Carl-Christian H. Dressel, 31 Jahre alt, von Beruf Richter, ist Vorsitzender von Mensa in Deutschland e.V. (MinD, http://www.mensa.de), einer Vereinigung für intellektuell Hochbegabte mit weltweit über 100.000 Mitgliedern. wissen.de sprach mit ihm über die aktuelle Bildungsmisere in Deutschland.

PISA-Studie

Wie erklären Sie sich, dass deutsche Schüler im internationalen Vergleich so schlecht abschneiden? Sind unsere Jugendlichen weniger lernfähig als die Schüler in anderen Ländern?

Eine umfassende Erklärung für dieses horrende Ergebnis habe ich leider auch nicht. Aber an „Lernfähigkeit“ liegt es ganz sicher nicht. Das Resultat der PISA-Studie zeigt meines Erachtens, dass deutsche Schüler zu kreativen Leistungen mit neuartigen Ansätzen mehrheitlich nicht fähig sind. Neugierde wecken, Lust auf Fähigkeiten, das berauschende Gefühl es geschafft zu haben und zu wissen, es beim nächsten Mal auch wieder schaffen zu können, sollten die Ziele einer modernen Bildungspolitik sein, und nicht die immer noch andauernde Schaffung wandelnder Lexika. In einer Zeit, in der das Wissen dermaßen schnell veraltet wie heute, muss die Fähigkeit gelehrt und gelernt werden, sich Aktuelles zu beschaffen, Informationen kritisch zu hinterfragen, auszuwerten und Schlüsse zu ziehen. Die Frage lautet nicht "Wie löse ich das Problem?" sondern "Wie komme ich an die aktuelle Antwort auf die Frage 'Wie löse ich das Problem'?"
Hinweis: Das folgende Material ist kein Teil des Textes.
lemma emeasure_avoids_tendsto:
  "(\<lambda>n. emeasure (M j) {\<omega>\<in>space (M j). avoids 0 n \<omega>})
    \<longlonglongrightarrow> emeasure (M j) {\<omega>\<in>space (M j). \<not> (\<exists>l\<ge>1. J l \<omega> = j)}"
proof -
  interpret prob_space "M j" using j_in_E by simp
  have "{\<omega>\<in>space (M j). \<not> (\<exists>l\<ge>1. J l \<omega> = j)} = (\<Inter>n. {\<omega>\<in>space (M j). avoids 0 n \<omega>})"
    by (auto simp: avoids_def; fastforce)
  moreover have "(\<lambda>n. emeasure (M j) {\<omega>\<in>space (M j). avoids 0 n \<omega>})
      \<longlonglongrightarrow> emeasure (M j) (\<Inter>n. {\<omega>\<in>space (M j). avoids 0 n \<omega>})"
  proof (rule Lim_emeasure_decseq)
    show "range (\<lambda>n. {\<omega>\<in>space (M j). avoids 0 n \<omega>}) \<subseteq> sets (M j)"
      using j_in_E by auto
    show "decseq (\<lambda>n. {\<omega>\<in>space (M j). avoids 0 n \<omega>})"
      by (auto simp: decseq_def avoids_def)
    show "emeasure (M j) {\<omega>\<in>space (M j). avoids 0 n \<omega>} \<noteq> \<infinity>" for n
      by simp
  qed
  ultimately show ?thesis by simp
qed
Getestet wurde in der PISA Studie vor allem das Leseverständnis. Eigentlich sollte man erwarten, dass Schüler nach zehn Schuljahren den Umgang mit Texten beherrschen. Wird an deutschen Schulen zu wenig gelesen?

Nein, es wird zu wenig verstanden. Ich erinnere mich - um beim Leseverständnis zu bleiben - da noch mit Grausen an die eigene Schulzeit, wo es darum ging, einem Gedicht nach „Schema F“ Gewalt anzutun, um ihm mit Hilfe von Stilmitteln und bestimmten (vorgegebenen) Vorgehensweisen eine vermeintliche Aussage zu unterstellen. Eigener Phantasie und Einfühlungsvermögen wurden dabei von vornherein Grenzen gesetzt. Solche antrainierten Verhaltensweisen, nämlich die Suche nach der Patentmethode für die Lösung und anschließendes Abspulen des für 'richtig erkannten Lösungsweges, können dann von den Schülern nicht mehr überwunden werden.

Wie Sie gerade schon sagten, hat die Studie gezeigt, dass Unterricht nicht bei der Wissensvermittlung aufhören darf - das Verstehen des Schulstoffs und die praktische Anwendung sind genauso wichtig. Wird an unseren Schulen das Lernen fürs Leben vernachlässigt?

O ja. Zu den, wie sie der SPIEGEL nannte, „Texten ohne Welt“ gesellen sich in anderen Fächern „Fakten ohne Bezug zum Leben“. Und das ist ein Problem - nicht nur für deutsche Schüler und Schulen im internationalen Vergleich, sondern auch für unseren Wirtschaftsstandort. Bundeskanzler Gerhard Schröder hatte völlig recht, als er in seiner ersten Regierungserklärung sagte, dass Bildung und Ausbildung die wichtigen Ressourcen in unserem rohstoffarmen Land sind. In diesem Sinne vermittelt PISA hoffentlich einen heilsamen Schock. Mit der Idee, individuelle Fähigkeiten und nicht bloß Wissen zu vermitteln, lässt sich für alle Schüler quer durch alle Leistungsfähigkeiten ein gewaltiger Schritt in Richtung auf Lebensfähigkeit in einer schnellebigen Zeit tun.